Novembre
2026
Lisa Guez s’inspire du conte de Perrault et de la figure toute-puissante de Barbe Bleue pour donner la parole aux épouses assassinées du célèbre bourreau. Sur scène, elles sont 5 à revisiter leur relation à cet homme inquiétant et s’interrogent avec humour sur la possibilité de se défaire de son emprise. Un spectacle qui bouscule, une fulgurante variation sur le féminicide.
Avec Message personnel, le comédien et humoriste Jessé offre un seul en scène aussi drôle que poignant. Harcèlement scolaire, homophobie ordinaire, filiation complexe… Le stand-upeur de 31 ans ouvre son journal intime avec une sincérité confondante et utilise le rire pour mettre à distance la brutalité et la bêtise du monde. C’est à la fois tordant et très émouvant.

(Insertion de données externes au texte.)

(* Let $\Omega\subset\mathbb{C}$ be a simply connected domain, let $(g,\mathcal{P},\mathcal{Q})$ be a Weierstrass data of the first kind on $\Omega$, and let $\lambda\in\mathbb{R}$ be such that $1+i\lambda g(z)\neq0$ for all $z\in\Omega$. Set $g_\lambda:=\frac{g}{1+i\lambda g}$ and $\mathcal{P}_\lambda:=\mathcal{P}$. Then there exists a $\mathcal{C}^2$ function $\mathcal{Q}_\lambda:\Omega\to\mathbb{R}$ satisfying $$(\mathcal{Q}_\lambda)_z=\left(\frac1g+i\lambda\right)\left(g\,\mathcal{Q}_z-i\lambda\,\mathcal{P}_z\right),$$ and for any such $\mathcal{Q}_\lambda$ the triple $(g_\lambda,\mathcal{P}_\lambda,\mathcal{Q}_\lambda)$ is a Weierstrass data of the first kind on $\Omega$.
   Context: $\Omega\subset\mathbb{R}^2\equiv\mathbb{C}$ has complex coordinate $z=u+iv$, and $\partial_z=\frac12(\partial_u-i\partial_v)$, $\partial_{\overline z}=\frac12(\partial_u+i\partial_v)$; subscripts denote partial derivatives. A Weierstrass data of the first kind on $\Omega$ is a triple $(g,\mathcal{P},\mathcal{Q})$ where $g:\Omega\to\mathbb{C}\setminus\{0\}$ and $\mathcal{P},\mathcal{Q}:\Omega\to\mathbb{R}$ are $\mathcal{C}^2$, satisfying $g_{\overline z}=0$, $\mathcal{P}_{z\overline z}=|g|^2\mathcal{Q}_{z\overline z}$, and $\mathcal{P}_z-|g|^2\mathcal{Q}_z\neq0$ at every point of $\Omega$. *)

theory Defs
  imports "HOL-Analysis.Analysis"
begin

text \<open>We identify \<open>\<real>\<^sup>2\<close> with \<open>\<complex>\<close>, \<open>z = u + i v\<close>. Partial derivatives in the
  real directions \<open>u\<close> and \<open>v\<close>.\<close>

definition partial_u :: "(complex \<Rightarrow> 'a::real_normed_vector) \<Rightarrow> complex \<Rightarrow> 'a" where
  "partial_u f z = vector_derivative (\<lambda>t::real. f (z + of_real t)) (at 0)"

definition partial_v :: "(complex \<Rightarrow> 'a::real_normed_vector) \<Rightarrow> complex \<Rightarrow> 'a" where
  "partial_v f z = vector_derivative (\<lambda>t::real. f (z + \<i> * of_real t)) (at 0)"

definition C1_on :: "complex set \<Rightarrow> (complex \<Rightarrow> 'a::real_normed_vector) \<Rightarrow> bool" where
  "C1_on \<Omega> f \<longleftrightarrow>
     (\<forall>z\<in>\<Omega>. (\<lambda>t::real. f (z + of_real t)) differentiable (at 0)
            \<and> (\<lambda>t::real. f (z + \<i> * of_real t)) differentiable (at 0))
     \<and> continuous_on \<Omega> (partial_u f) \<and> continuous_on \<Omega> (partial_v f)"

definition C2_on :: "complex set \<Rightarrow> (complex \<Rightarrow> 'a::real_normed_vector) \<Rightarrow> bool" where
  "C2_on \<Omega> f \<longleftrightarrow> C1_on \<Omega> f \<and> C1_on \<Omega> (partial_u f) \<and> C1_on \<Omega> (partial_v f)"

definition dz :: "(complex \<Rightarrow> complex) \<Rightarrow> complex \<Rightarrow> complex" where
  "dz f z = (partial_u f z - \<i> * partial_v f z) / 2"

definition dzbar :: "(complex \<Rightarrow> complex) \<Rightarrow> complex \<Rightarrow> complex" where
  "dzbar f z = (partial_u f z + \<i> * partial_v f z) / 2"

definition weierstrass_first_kind ::
  "complex set \<Rightarrow> (complex \<Rightarrow> complex) \<Rightarrow> (complex \<Rightarrow> real) \<Rightarrow> (complex \<Rightarrow> real) \<Rightarrow> bool" where
  "weierstrass_first_kind \<Omega> g P Q \<longleftrightarrow>
     C2_on \<Omega> g \<and> C2_on \<Omega> P \<and> C2_on \<Omega> Q \<and>
     (\<forall>z\<in>\<Omega>.
        g z \<noteq> 0 \<and>
        dzbar g z = 0 \<and>
        dz (dzbar (\<lambda>w. complex_of_real (P w))) z
          = complex_of_real ((cmod (g z))\<^sup>2) * dz (dzbar (\<lambda>w. complex_of_real (Q w))) z \<and>
        dz (\<lambda>w. complex_of_real (P w)) z
          - complex_of_real ((cmod (g z))\<^sup>2) * dz (\<lambda>w. complex_of_real (Q w)) z \<noteq> 0)"

end

theory Submission
  imports Defs "HOL-Complex_Analysis.Complex_Analysis"
begin

text \<open>Since g is holomorphic and P_{z zbar} = |g|^2 Q_{z zbar}, the prescribed
  F = (1/g + i lam) (g Q_z - i lam P_z) satisfies F_zbar = |1 + i lam g|^2 Q_{z zbar}, which is real.
  So the real 1-form F dz + cnj F dzbar is closed. On the unit disc it is exact by integration along
  radii, and the Riemann mapping theorem carries this over to any simply connected domain; a real
  primitive is the required Q_lam. For any such Q_lam we get (Q_lam)_{z zbar} = F_zbar, hence
  |g_lam|^2 (Q_lam)_{z zbar} = |g|^2 Q_{z zbar} = P_{z zbar}, and
  P_z - |g_lam|^2 (Q_lam)_z = (P_z - |g|^2 Q_z) / cnj (1 + i lam g) is nonzero.\<close>

section \<open>Functions with continuous partial derivatives\<close>

definition C1_partials_on ::
  "complex set \<Rightarrow> (complex \<Rightarrow> 'a::real_normed_vector) \<Rightarrow> (complex \<Rightarrow> 'a) \<Rightarrow> (complex \<Rightarrow> 'a) \<Rightarrow> bool"
  where
  "C1_partials_on S f fu fv \<longleftrightarrow>
     (\<forall>z\<in>S. (f has_derivative (\<lambda>h. Re h *\<^sub>R fu z + Im h *\<^sub>R fv z)) (at z)) \<and>
     continuous_on S fu \<and> continuous_on S fv"

lemma has_vector_derivative_along_line:
  fixes f :: "complex \<Rightarrow> 'a::real_normed_vector"
  assumes "(f has_derivative D) (at (w + of_real s * e))"
  shows "((\<lambda>t. f (w + of_real t * e)) has_vector_derivative D e) (at s)"
proof -
  have "((\<lambda>t::real. w + of_real t * e) has_derivative (\<lambda>t. of_real t * e)) (at s)"
    by (auto intro!: derivative_eq_intros)
  from has_derivative_compose[OF this assms]
  have "((\<lambda>t. f (w + of_real t * e)) has_derivative (\<lambda>t. D (of_real t * e))) (at s)" .
  moreover have "D (of_real t * e) = t *\<^sub>R D e" for t
    using linear_cmul[OF has_derivative_linear[OF assms], of t e] by (simp add: scaleR_conv_of_real)
  ultimately show ?thesis
    by (simp add: has_vector_derivative_def)
qed

lemma C1_partials_on_line_derivatives:
  fixes f :: "complex \<Rightarrow> 'a::real_normed_vector"
  assumes "C1_partials_on S f fu fv" "z + of_real x + \<i> * of_real y \<in> S"
  shows "((\<lambda>x. f (z + of_real x + \<i> * of_real y)) has_vector_derivative
            fu (z + of_real x + \<i> * of_real y)) (at x)"
    and "((\<lambda>y. f (z + of_real x + \<i> * of_real y)) has_vector_derivative
            fv (z + of_real x + \<i> * of_real y)) (at y)"
proof -
  let ?p = "z + of_real x + \<i> * of_real y"
  have d: "(f has_derivative (\<lambda>h. Re h *\<^sub>R fu ?p + Im h *\<^sub>R fv ?p)) (at ?p)"
    using assms unfolding C1_partials_on_def by blast
  have "(f has_derivative (\<lambda>h. Re h *\<^sub>R fu ?p + Im h *\<^sub>R fv ?p))
          (at ((z + \<i> * of_real y) + of_real x * 1))"
    using d by (simp add: algebra_simps)
  from has_vector_derivative_along_line[OF this]
  show "((\<lambda>x. f (z + of_real x + \<i> * of_real y)) has_vector_derivative fu ?p) (at x)"
    by (simp add: algebra_simps)
  have "(f has_derivative (\<lambda>h. Re h *\<^sub>R fu ?p + Im h *\<^sub>R fv ?p)) (at ((z + of_real x) + of_real y * \<i>))"
    using d by (simp add: algebra_simps)
  from has_vector_derivative_along_line[OF this]
  show "((\<lambda>y. f (z + of_real x + \<i> * of_real y)) has_vector_derivative fv ?p) (at y)"
    by (simp add: algebra_simps)
qed

lemma C1_partials_on_partial_derivatives:
  fixes f :: "complex \<Rightarrow> 'a::real_normed_vector"
  assumes "C1_partials_on S f fu fv" "z \<in> S"
  shows "partial_u f z = fu z" and "partial_v f z = fv z"
  using vector_derivative_at[OF C1_partials_on_line_derivatives(1)[OF assms(1), of z 0 0]]
    vector_derivative_at[OF C1_partials_on_line_derivatives(2)[OF assms(1), of z 0 0]] assms(2)
  by (simp_all add: partial_u_def partial_v_def)

lemma C1_partials_on_imp_C1_on:
  fixes f :: "complex \<Rightarrow> 'a::real_normed_vector"
  assumes "C1_partials_on S f fu fv"
  shows "C1_on S f"
  unfolding C1_on_def
proof (intro conjI ballI)
  fix z assume z: "z \<in> S"
  show "(\<lambda>t. f (z + of_real t)) differentiable at 0"
    using C1_partials_on_line_derivatives(1)[OF assms, of z 0 0] z
    by (auto simp: has_vector_derivative_def differentiable_def)
  show "(\<lambda>t. f (z + \<i> * of_real t)) differentiable at 0"
    using C1_partials_on_line_derivatives(2)[OF assms, of z 0 0] z
    by (auto simp: has_vector_derivative_def differentiable_def)
next
  show "continuous_on S (partial_u f)" "continuous_on S (partial_v f)"
    using assms C1_partials_on_partial_derivatives[OF assms]
    by (auto simp: C1_partials_on_def cong: continuous_on_cong)
qed

lemma C1_partials_on_cong:
  fixes f :: "complex \<Rightarrow> 'a::real_normed_vector"
  assumes "C1_partials_on S f fu fv" "open S"
    and "\<And>z. z \<in> S \<Longrightarrow> f' z = f z" "\<And>z. z \<in> S \<Longrightarrow> fu' z = fu z" "\<And>z. z \<in> S \<Longrightarrow> fv' z = fv z"
  shows "C1_partials_on S f' fu' fv'"
  unfolding C1_partials_on_def
proof (intro conjI ballI)
  fix z assume z: "z \<in> S"
  have "(f has_derivative (\<lambda>h. Re h *\<^sub>R fu z + Im h *\<^sub>R fv z)) (at z)"
    using assms(1) z unfolding C1_partials_on_def by blast
  then have "(f' has_derivative (\<lambda>h. Re h *\<^sub>R fu z + Im h *\<^sub>R fv z)) (at z)"
    by (rule has_derivative_transform_within_open[OF _ assms(2) z]) (simp add: assms(3))
  then show "(f' has_derivative (\<lambda>h. Re h *\<^sub>R fu' z + Im h *\<^sub>R fv' z)) (at z)"
    using assms(4,5) z by simp
next
  show "continuous_on S fu'" "continuous_on S fv'"
    using assms(1,4,5) by (auto simp: C1_partials_on_def cong: continuous_on_cong)
qed

lemma C1_partials_on_linear:
  fixes f :: "complex \<Rightarrow> 'a::real_normed_vector" and L :: "'a \<Rightarrow> 'b::real_normed_vector"
  assumes "C1_partials_on S f fu fv" "bounded_linear L"
  shows "C1_partials_on S (\<lambda>z. L (f z)) (\<lambda>z. L (fu z)) (\<lambda>z. L (fv z))"
  unfolding C1_partials_on_def
proof (intro conjI ballI)
  interpret L: bounded_linear L by (rule assms(2))
  fix z assume "z \<in> S"
  then have "(f has_derivative (\<lambda>h. Re h *\<^sub>R fu z + Im h *\<^sub>R fv z)) (at z)"
    using assms(1) unfolding C1_partials_on_def by blast
  from L.has_derivative[OF this]
  show "((\<lambda>z. L (f z)) has_derivative (\<lambda>h. Re h *\<^sub>R L (fu z) + Im h *\<^sub>R L (fv z))) (at z)"
    by (simp add: L.add L.scaleR)
next
  show "continuous_on S (\<lambda>z. L (fu z))" "continuous_on S (\<lambda>z. L (fv z))"
    using assms(1) unfolding C1_partials_on_def
    by (auto intro: continuous_on_compose2[OF linear_continuous_on[OF assms(2)]])
qed

lemma dist_add_real_imag_le: "dist z (z + of_real x + \<i> * of_real y) \<le> \<bar>x\<bar> + \<bar>y\<bar>"
proof -
  have "dist z (z + of_real x + \<i> * of_real y) = cmod (of_real x + \<i> * of_real y)"
    unfolding dist_norm norm_minus_commute[of z] by (simp add: add.assoc)
  then show ?thesis
    using cmod_le[of "of_real x + \<i> * of_real y"] by simp
qed

lemma has_derivative_from_real_coordinates:
  fixes f :: "complex \<Rightarrow> 'a::real_normed_vector"
  assumes "((\<lambda>(x, y). f (z + of_real x + \<i> * of_real y)) has_derivative (\<lambda>(x, y). x *\<^sub>R u + y *\<^sub>R v))
    (at (0, 0))"
  shows "(f has_derivative (\<lambda>h. Re h *\<^sub>R u + Im h *\<^sub>R v)) (at z)"
proof -
  have coordinates: "((\<lambda>h. (Re (h - z), Im (h - z))) has_derivative (\<lambda>h. (Re h, Im h))) (at z)"
    by (auto intro!: derivative_eq_intros)
  have "((\<lambda>(x, y). f (z + of_real x + \<i> * of_real y)) has_derivative (\<lambda>(x, y). x *\<^sub>R u + y *\<^sub>R v))
      (at (Re (z - z), Im (z - z)))"
    using assms by simp
  from has_derivative_compose[OF coordinates this]
  have "((\<lambda>h. f (z + of_real (Re (h - z)) + \<i> * of_real (Im (h - z)))) has_derivative
      (\<lambda>h. Re h *\<^sub>R u + Im h *\<^sub>R v)) (at z)"
    by (simp only: case_prod_conv)
  moreover have "z + of_real (Re (h - z)) + \<i> * of_real (Im (h - z)) = h" for h
    by (simp add: complex_eq_iff)
  ultimately show ?thesis
    by (simp only:)
qed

Au milieu de la piste circulaire, la jongleuse Neta Oren et le rappeur Pierre Laloge. Le rap devient la voix intérieure de la jongleuse, son alter ego, un reflet émotionnel de son parcours. En une série de routines rythmées à 160 BPM, le duo livre une performance virtuose et touchante, où surgissent mémoire, doutes et éclats partagés.
Sous la houlette de Pascal Charrier, Kami Octet parcourt depuis dix ans les scènes musicales, en France et à l’étranger. Pour cette nouvelle création, Kami accueille Karim Ziad aux percussions, batteur mondialement connu et fondateur de l’Orchestre National de Barbès, pour une fusion de jazz, de transe, de musique savante et de musiques de Méditerranée.
La reconstitution du procès dit de l’Affiche rouge émeut aux larmes et rend un vibrant hommage aux 23 accusés, membres du groupe Manouchian, pour la plupart des étrangers et des juifs, militants communistes engagés dans la Résistance.
Écrite et mise en scène – avec son épouse Sophie – par Basile Ader, figure respectée du barreau de Paris, membre du Conseil de l’ordre et fou de théâtre, la reconstitution du Procès de Bobigny est l’occasion de revivre un moment-clé dans la dépénalisation de l’avortement.
Après le phénoménal succès international de Maldonne, Leïla Ka dévoile sa nouvelle création. Sur un plateau nu, sans décors ni artifices, entourée de 7 autres interprètes, elle donne toute la place aux corps féminins, qui s’affirment, résistent et luttent, dans un embrasement d’énergie pure.
Un magnifique programme en 3 temps du directeur du Ballet de Biarritz. Avec deux pépites de son répertoire, et en clôture son ultime opus, Thierry Malandain célèbre, sur des partitions de Poulenc, Ravel et Saint-Saëns, « le jour et la nuit, midi et minuit, et le temps qui fuit dans l’ombre ensevelie ».